Adolf Ulrik Wertmüller (February 18, 1751 – October 5, 1811) was a Swedish painter whose notable works include Danaë receiving Jupiter in a Shower of Gold.

Wertmüller was born in Stockholm and studied art at home before moving to Paris in 1772 to study under his cousin Alexander Roslin and French painter Joseph-Marie Vien. On July 30, 1784, Wertmüller was elected to the Royal Academy of Painting and Sculpture.

Wertmüller was commissioned by Gustav III of Sweden for a portrait of Marie Antoinette, which is now in the Nationalmuseum in Stockholm. In 1787, he produced his masterpiece Danaë, a work which proved controversial as one of the earliest female nude paintings exhibited in America.
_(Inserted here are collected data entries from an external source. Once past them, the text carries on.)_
text \<open>Each of the \<open>n\<close> unboxed occurrences, a leaf of depth \<open>0\<close>, is replaced by a copy of
  the depths \<open>B\<close> of the argument.\<close>

lemma node_depths_subst_unboxed:
  "occurs_unboxed k M n \<Longrightarrow> node_depths M A \<Longrightarrow> node_depths N B \<Longrightarrow> substR k N M P \<Longrightarrow>
   \<exists>A0. A = A0 + replicate_mset n 0 \<and> node_depths P (A0 + repeat_mset n B)"
proof (induction arbitrary: A P rule: occurs_unboxed.induct)
  case (ou_var_eq k)
  have "A = {#0#}" using ou_var_eq(1) by (rule node_depths_VarE)
  moreover have "P = lift 0 k N" using substR_VarD[OF ou_var_eq(3)] by simp
  ultimately show ?case using node_depths_lift[OF ou_var_eq(2)] by (intro exI[of _ "{#}"]) simp
next
  case (ou_var_neq i k)
  have "A = {#0#}" using ou_var_neq(2) by (rule node_depths_VarE)
  moreover have "\<exists>j. P = Var j" using substR_VarD[OF ou_var_neq(4)] ou_var_neq(1) by simp
  ultimately show ?case by (auto intro: nd_var)
next
  case (ou_app k a n b m)
  obtain P1 P2 where P: "P = App P1 P2" "substR k N a P1" "substR k N b P2"
    using substR_AppD[OF ou_app(7)] by blast
  obtain A1 A2 where A: "A = add_mset 0 (A1 + A2)" "node_depths a A1" "node_depths b A2"
    using ou_app(5) by (auto elim: node_depths_AppE)
  obtain A01 where 1: "A1 = A01 + replicate_mset n 0" "node_depths P1 (A01 + repeat_mset n B)"
    using ou_app.IH(1)[OF A(2) ou_app(6) P(2)] by blast
  obtain A02 where 2: "A2 = A02 + replicate_mset m 0" "node_depths P2 (A02 + repeat_mset m B)"
    using ou_app.IH(2)[OF A(3) ou_app(6) P(3)] by blast
  have "node_depths P (add_mset 0 ((A01 + repeat_mset n B) + (A02 + repeat_mset m B)))"
    using P(1) 1 2 by (auto intro: nd_app)
  then show ?case using A(1) 1(1) 2(1)
    by (intro exI[of _ "add_mset 0 (A01 + A02)"]) (simp add: repeat_mset_distrib replicate_mset_add ac_simps)
next
  case (ou_lam k a n)
  obtain P1 where P: "P = Lam P1" "substR (Suc k) N a P1" using substR_LamD[OF ou_lam(5)] by blast
  obtain A1 where A: "A = add_mset 0 A1" "node_depths a A1" using ou_lam(3) by (auto elim: node_depths_LamE)
  obtain A01 where "A1 = A01 + replicate_mset n 0" "node_depths P1 (A01 + repeat_mset n B)"
    using ou_lam.IH[OF A(2) ou_lam(4) P(2)] by blast
  then show ?case using A P by (intro exI[of _ "add_mset 0 A01"]) (auto intro: nd_lam)
next
  case (ou_lamI k a n)
  obtain P1 where P: "P = LamI P1" "substR (Suc k) N a P1" using substR_LamID[OF ou_lamI(5)] by blast
  obtain A1 where A: "A = add_mset 0 A1" "node_depths a A1" using ou_lamI(3) by (auto elim: node_depths_LamIE)
  obtain A01 where "A1 = A01 + replicate_mset n 0" "node_depths P1 (A01 + repeat_mset n B)"
    using ou_lamI.IH[OF A(2) ou_lamI(4) P(2)] by blast
  then show ?case using A P by (intro exI[of _ "add_mset 0 A01"]) (auto intro: nd_lamI)
next
  case (ou_lamC k a n)
  obtain P1 where P: "P = LamC P1" "substR (Suc k) N a P1" using substR_LamCD[OF ou_lamC(5)] by blast
  obtain A1 where A: "A = add_mset 0 A1" "node_depths a A1" using ou_lamC(3) by (auto elim: node_depths_LamCE)
  obtain A01 where "A1 = A01 + replicate_mset n 0" "node_depths P1 (A01 + repeat_mset n B)"
    using ou_lamC.IH[OF A(2) ou_lamC(4) P(2)] by blast
  then show ?case using A P by (intro exI[of _ "add_mset 0 A01"]) (auto intro: nd_lamC)
next
  case (ou_boxI k a)
  then have "node_depths P A" using node_depths_subst_absent[OF _ ou_boxI(2)] absent_boxI by blast
  then show ?case by simp
next
  case (ou_boxC k a)
  obtain P1 where "P = BoxC P1" using substR_BoxCD[OF ou_boxC(3)] by blast
  moreover have "A = {#0#}" using ou_boxC(1) by (rule node_depths_BoxCE)
  ultimately show ?case by (simp add: nd_boxC)
qed

lemma node_depths_subst_boxed_once:
  "occurs_once_boxed k M \<Longrightarrow> node_depths M A \<Longrightarrow> node_depths N B \<Longrightarrow> substR k N M P \<Longrightarrow>
   \<exists>A0. A = add_mset 1 A0 \<and> node_depths P (A0 + image_mset Suc B)"
proof (induction arbitrary: A P rule: occurs_once_boxed.induct)
  case (ob_appL k a b)
  obtain P1 P2 where P: "P = App P1 P2" "substR k N a P1" "substR k N b P2"
    using substR_AppD[OF ob_appL(6)] by blast
  obtain A1 A2 where A: "A = add_mset 0 (A1 + A2)" "node_depths a A1" "node_depths b A2"
    using ob_appL(4) by (auto elim: node_depths_AppE)
  obtain A01 where 1: "A1 = add_mset 1 A01" "node_depths P1 (A01 + image_mset Suc B)"
    using ob_appL.IH[OF A(2) ob_appL(5) P(2)] by blast
  have "node_depths P2 A2" using node_depths_subst_absent[OF ob_appL(2) A(3) P(3)] .
  then have "node_depths P (add_mset 0 ((A01 + image_mset Suc B) + A2))" using P(1) 1 by (auto intro: nd_app)
  then show ?case using A(1) 1(1) by (intro exI[of _ "add_mset 0 (A01 + A2)"]) (simp add: ac_simps)
next
  case (ob_appR k a b)
  obtain P1 P2 where P: "P = App P1 P2" "substR k N a P1" "substR k N b P2"
    using substR_AppD[OF ob_appR(6)] by blast
  obtain A1 A2 where A: "A = add_mset 0 (A1 + A2)" "node_depths a A1" "node_depths b A2"
    using ob_appR(4) by (auto elim: node_depths_AppE)
  obtain A02 where 2: "A2 = add_mset 1 A02" "node_depths P2 (A02 + image_mset Suc B)"
    using ob_appR.IH[OF A(3) ob_appR(5) P(3)] by blast
  have "node_depths P1 A1" using node_depths_subst_absent[OF ob_appR(1) A(2) P(2)] .
  then have "node_depths P (add_mset 0 (A1 + (A02 + image_mset Suc B)))" using P(1) 2 by (auto intro: nd_app)
  then show ?case using A(1) 2(1) by (intro exI[of _ "add_mset 0 (A1 + A02)"]) (simp add: ac_simps)
next
  case (ob_lam k a)
  obtain P1 where P: "P = Lam P1" "substR (Suc k) N a P1" using substR_LamD[OF ob_lam(5)] by blast
  obtain A1 where A: "A = add_mset 0 A1" "node_depths a A1" using ob_lam(3) by (auto elim: node_depths_LamE)
  obtain A01 where "A1 = add_mset 1 A01" "node_depths P1 (A01 + image_mset Suc B)"
    using ob_lam.IH[OF A(2) ob_lam(4) P(2)] by blast
  then show ?case using A P by (intro exI[of _ "add_mset 0 A01"]) (auto intro: nd_lam)
next
  case (ob_lamI k a)
  obtain P1 where P: "P = LamI P1" "substR (Suc k) N a P1" using substR_LamID[OF ob_lamI(5)] by blast
  obtain A1 where A: "A = add_mset 0 A1" "node_depths a A1" using ob_lamI(3) by (auto elim: node_depths_LamIE)
  obtain A01 where "A1 = add_mset 1 A01" "node_depths P1 (A01 + image_mset Suc B)"
    using ob_lamI.IH[OF A(2) ob_lamI(4) P(2)] by blast
  then show ?case using A P by (intro exI[of _ "add_mset 0 A01"]) (auto intro: nd_lamI)
next
  case (ob_lamC k a)
  obtain P1 where P: "P = LamC P1" "substR (Suc k) N a P1" using substR_LamCD[OF ob_lamC(5)] by blast
  obtain A1 where A: "A = add_mset 0 A1" "node_depths a A1" using ob_lamC(3) by (auto elim: node_depths_LamCE)
  obtain A01 where "A1 = add_mset 1 A01" "node_depths P1 (A01 + image_mset Suc B)"
    using ob_lamC.IH[OF A(2) ob_lamC(4) P(2)] by blast
  then show ?case using A P by (intro exI[of _ "add_mset 0 A01"]) (auto intro: nd_lamC)
next
  case (ob_boxI k a)
  obtain P1 where P: "P = BoxI P1" "substR k N a P1" using substR_BoxID[OF ob_boxI(4)] by blast
  obtain A1 where A: "A = add_mset 0 (image_mset Suc A1)" "node_depths a A1"
    using ob_boxI(2) by (auto elim: node_depths_BoxIE)
  obtain A01 where 1: "A1 = A01 + replicate_mset 1 0" "node_depths P1 (A01 + repeat_mset 1 B)"
    using node_depths_subst_unboxed[OF ob_boxI(1) A(2) ob_boxI(3) P(2)] by blast
  then have "node_depths P (add_mset 0 (image_mset Suc (A01 + B)))"
    unfolding P(1) using nd_boxI[of P1 "A01 + B"] by simp
  then show ?case using A(1) 1(1) by (intro exI[of _ "add_mset 0 (image_mset Suc A01)"]) simp
qed
theorem mainTheorem7:
  fixes f :: "real \<Rightarrow> real" and x :: "nat \<Rightarrow> real" and n i j :: nat
    and \<theta> \<theta>s :: "real \<Rightarrow> real"
  assumes f: "standing_assumptions f"
    and n: "n \<ge> 1"
    and data: "\<forall>k\<in>{1..n}. x k \<ge> 0"
    and ij: "i \<in> {1..n}" "j \<in> {1..n}" "x i < x j"
    and adj: "\<not> (\<exists>k\<in>{1..n}. x i < x k \<and> x k < x j)"
    and \<theta>: "\<theta> \<in> Vset \<inter> Theta"
    and \<theta>s_mem: "\<theta>s \<in> V_on (breakpoints \<theta>) \<inter> Theta1 f"
    and \<theta>s_max: "\<forall>v\<in>V_on (breakpoints \<theta>) \<inter> Theta1 f. Lfun f x n v \<le> Lfun f x n \<theta>s"
  shows "finite (breakpoints \<theta>s \<inter> {x i<..<x j}) \<and> card (breakpoints \<theta>s \<inter> {x i<..<x j}) \<le> 2"
proof -
  have "\<theta>s \<in> Vset" using \<theta>s_mem unfolding V_on_def by auto
  then have "finite (breakpoints \<theta>s \<inter> {x i<..<x j})" using Vset_finite_breakpoints by blast
  moreover have "card (breakpoints \<theta>s \<inter> {x i<..<x j}) \<le> 2"
  proof (rule maximizer_at_most_two_breakpoints_in_data_gap[OF f n \<theta>s_mem \<theta>s_max])
    show "0 \<le> x i" using data ij(1) by blast
    show "x k \<notin> {x i<..<x j}" if "k \<in> {1..n}" for k using adj that by auto
  qed
  ultimately show ?thesis ..
qed
lemma slope_surj:
  fixes a b :: "nat \<Rightarrow> 'f::field"
  assumes "V.independent {a, b}" "a \<noteq> b"
  shows "slope a b ` (V.span {a, b} - {0}) = UNIV"
proof -
  have "t \<in> slope a b ` (V.span {a, b} - {0})" for t
  proof -
    define \<alpha> :: 'f where "\<alpha> = (case t of None \<Rightarrow> 0 | Some _ \<Rightarrow> 1)"
    define \<beta> where "\<beta> = (case t of None \<Rightarrow> 1 | Some s \<Rightarrow> s)"
    let ?v = "vscale \<alpha> a + vscale \<beta> b"
    have "slope a b ?v = t"
      unfolding slope_lincomb[OF assms] by (cases t) (simp_all add: \<alpha>_def \<beta>_def)
    moreover have "slope a b 0 = None"
      using slope_lincomb[OF assms, of 0 0] by (simp add: fun_eq_iff)
    moreover have "b \<noteq> 0" using assms V.dependent_zero by blast
    ultimately have "?v \<noteq> 0" by (cases t) (auto simp: \<alpha>_def \<beta>_def)
    moreover have "?v \<in> V.span {a, b}" unfolding span_pair_iff by blast
    ultimately show ?thesis using \<open>slope a b ?v = t\<close> by blast
  qed
  then show ?thesis by blast
qed

context
  fixes a b :: "nat \<Rightarrow> 'f::{field,finite}" and Z :: "(nat \<Rightarrow> 'f) set"
  assumes ab: "V.independent {a, b}" "a \<noteq> b"
    and Z: "Z \<subseteq> V.span {a, b}" "proj_distinct Z"
begin

lemma inj_on_slope: "inj_on (slope a b) Z"
  using Z parallel_if_slope_eq[OF ab] unfolding proj_distinct_def inj_on_def by blast

lemma card_proj_distinct_le: "finite Z" "card Z \<le> Suc CARD('f)"
proof -
  show "finite Z" by (rule finite_imageD[OF _ inj_on_slope]) simp
  have "card Z \<le> CARD('f option)" by (rule card_inj_on_le[OF inj_on_slope]) auto
  then show "card Z \<le> Suc CARD('f)" using card_UNIV_option[where 'a='f] by simp
qed
(* Let $M$ be a three-holed sphere with $\pi_1(M)=\langle A,B,C: ABC=I\rangle$, where $A,B,C$ represent the three boundary components. For $\rho\in\operatorname{Hom}(\pi_1(M),\mathrm{SU}(2))$ write $a=\operatorname{tr}\rho(A)$, $b=\operatorname{tr}\rho(B)$, $c=\operatorname{tr}\rho(C)$. Then: (1) $\rho$ is $\mathrm{Spin}(2)$ if and only if $a^2+b^2+c^2-abc-4=0$; (2) $\rho$ is $\mathrm{Pin}(2)$ and not $\mathrm{Spin}(2)$ if and only if $a^2+b^2+c^2-abc-4\neq0$ and at least two of the three numbers $\operatorname{tr}\rho(A)$, $\operatorname{tr}\rho(B)$, $\operatorname{tr}\rho(AB)$ are zero.
   Context: Let $p:\mathrm{SU}(2)\to\mathrm{SO}(3)$ be the double cover. $\mathrm{Pin}(2)=p^{-1}(\mathrm{O}(2))$ for a subgroup $\mathrm{O}(2)\subset\mathrm{SO}(3)$, and $\mathrm{Spin}(2)$ is its identity component (a maximal torus of $\mathrm{SU}(2)$). For a subgroup $G\subset\mathrm{SU}(2)$, a representation $\rho$ is said to be $G$ if $\rho(\pi_1(M))$ is contained in some subgroup of $\mathrm{SU}(2)$ isomorphic to (i.e. a conjugate copy of) $G$, and not $G$ if it is contained in no such copy. *)

theory Defs
  imports "HOL-Analysis.Analysis"
begin

type_synonym cmat = "complex^2^2"

definition mat2 :: "complex \<Rightarrow> complex \<Rightarrow> complex \<Rightarrow> complex \<Rightarrow> cmat" where
  "mat2 p q r s = (\<chi> i j. if i = 1 then (if j = 1 then p else q) else (if j = 1 then r else s))"

text \<open>Conjugate transpose; for elements of SU(2) this is the group inverse.\<close>
definition adj :: "cmat \<Rightarrow> cmat" where
  "adj U = (\<chi> i j. cnj (U $ j $ i))"

definition SU2 :: "cmat set" where
  "SU2 = {U. U ** adj U = mat 1 \<and> det U = 1}"

definition Spin2_std :: "cmat set" where
  "Spin2_std = {mat2 z 0 0 (cnj z) | z. cmod z = 1}"

text \<open>Standard Pin(2) = p^{-1}(O(2)) = Spin(2) union j Spin(2), j = [[0,1],[-1,0]].\<close>
definition Pin2_std :: "cmat set" where
  "Pin2_std = Spin2_std \<union> {mat2 0 z (- cnj z) 0 | z. cmod z = 1}"

definition conj_copy :: "cmat \<Rightarrow> cmat set \<Rightarrow> cmat set" where
  "conj_copy g H = (\<lambda>h. g ** h ** adj g) ` H"

text \<open>Image of the representation of the free group on A, B (pi_1 of the
  three-holed sphere, C = (AB)^{-1}) determined by rho(A) = X, rho(B) = Y:
  the set of all words in X, Y and their inverses.\<close>
inductive_set rep_image :: "cmat \<Rightarrow> cmat \<Rightarrow> cmat set" for X Y where
  one: "mat 1 \<in> rep_image X Y"
| mX: "Z \<in> rep_image X Y \<Longrightarrow> Z ** X \<in> rep_image X Y"
| mY: "Z \<in> rep_image X Y \<Longrightarrow> Z ** Y \<in> rep_image X Y"
| mXi: "Z \<in> rep_image X Y \<Longrightarrow> Z ** adj X \<in> rep_image X Y"
| mYi: "Z \<in> rep_image X Y \<Longrightarrow> Z ** adj Y \<in> rep_image X Y"

definition rep_is :: "cmat set \<Rightarrow> cmat \<Rightarrow> cmat \<Rightarrow> bool" where
  "rep_is G X Y \<longleftrightarrow> (\<exists>g\<in>SU2. rep_image X Y \<subseteq> conj_copy g G)"
lemma riemann_sums_mono_on:
  fixes h :: "real \<Rightarrow> real"
  assumes "d \<ge> 0" "continuous_on {0..real N * d} h" "mono_on {0..real N * d} h"
  shows "d * (\<Sum>k<N. h (real k * d)) \<le> integral {0..real N * d} h"
    and "integral {0..real N * d} h \<le> d * (\<Sum>k<N. h (real (Suc k) * d))"
proof -
  have "d * (\<Sum>k<m. h (real k * d)) \<le> integral {0..real m * d} h
    \<and> integral {0..real m * d} h \<le> d * (\<Sum>k<m. h (real (Suc k) * d))" if "m \<le> N" for m
    using that
  proof (induction m)
    case (Suc m)
    let ?u = "real m * d" and ?v = "real (Suc m) * d"
    have "?v \<le> real N * d"
      using Suc.prems assms(1) by (intro mult_right_mono) auto
    then have sub: "{?u..?v} \<subseteq> {0..real N * d}" "{0..?v} \<subseteq> {0..real N * d}"
      using assms(1) by auto
    have "?u \<le> ?v"
      using assms(1) by (intro mult_right_mono) auto
    then have "integral {0..?u} h + integral {?u..?v} h = integral {0..?v} h"
      using assms(1) continuous_on_subset[OF assms(2) sub(2)]
      by (intro Henstock_Kurzweil_Integration.integral_combine integrable_continuous_interval) auto
    moreover have "d * h ?u \<le> integral {?u..?v} h" "integral {?u..?v} h \<le> d * h ?v"
      using integral_bounds_mono_on[OF \<open>?u \<le> ?v\<close> continuous_on_subset[OF assms(2) sub(1)]
          mono_on_subset[OF assms(3) sub(1)]]
      by (simp_all add: algebra_simps)
    ultimately show ?case
      using Suc by (simp add: distrib_left)
  qed simp
  then show "d * (\<Sum>k<N. h (real k * d)) \<le> integral {0..real N * d} h"
    and "integral {0..real N * d} h \<le> d * (\<Sum>k<N. h (real (Suc k) * d))"
    by simp_all
qed

lemma riemann_sum_error_mono_on:
  fixes h :: "real \<Rightarrow> real"
  assumes "d > 0" "continuous_on {0..real (Suc n) * d} h" "mono_on {0..real (Suc n) * d} h"
    and "\<And>x. x \<in> {0..real (Suc n) * d} \<Longrightarrow> \<bar>h x\<bar> \<le> M"
  shows "\<bar>integral {0..real (Suc n) * d} h - d * (\<Sum>k<n. h (real (Suc k) * d))\<bar> \<le> d * M"
proof -
  let ?c = "real (Suc n) * d" and ?S = "\<Sum>k<n. h (real (Suc k) * d)"
  have "(\<Sum>k<Suc n. h (real k * d)) = h 0 + ?S"
    unfolding sum.lessThan_Suc_shift by simp
  moreover have "(\<Sum>k<Suc n. h (real (Suc k) * d)) = ?S + h ?c"
    by (rule sum.lessThan_Suc)
  ultimately have "d * (h 0 + ?S) \<le> integral {0..?c} h" "integral {0..?c} h \<le> d * (?S + h ?c)"
    using riemann_sums_mono_on[of d "Suc n" h] assms(1-3) by auto
  moreover have "d * h ?c \<le> d * M" "d * (- M) \<le> d * h 0"
    using assms(1) assms(4)[of 0] assms(4)[of ?c] by (intro mult_left_mono; simp add: abs_le_iff)+
  ultimately show ?thesis
    unfolding abs_le_iff distrib_left mult_minus_right by linarith
qed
Wertmüller first emigrated to the United States in May 1794 and continued his portrait work, most notably of General George Washington, but in 1796 was called back to Sweden, eventually returning to Philadelphia in 1800. Elizabeth B. Johnston, in her book Original Portraits of Washington (Boston, 1882), speaks of five portraits of Washington by Wertmüller, of which one, executed in 1797, was purchased by the U. S. government in 1878, and another is owned by the Historical Society of Pennsylvania.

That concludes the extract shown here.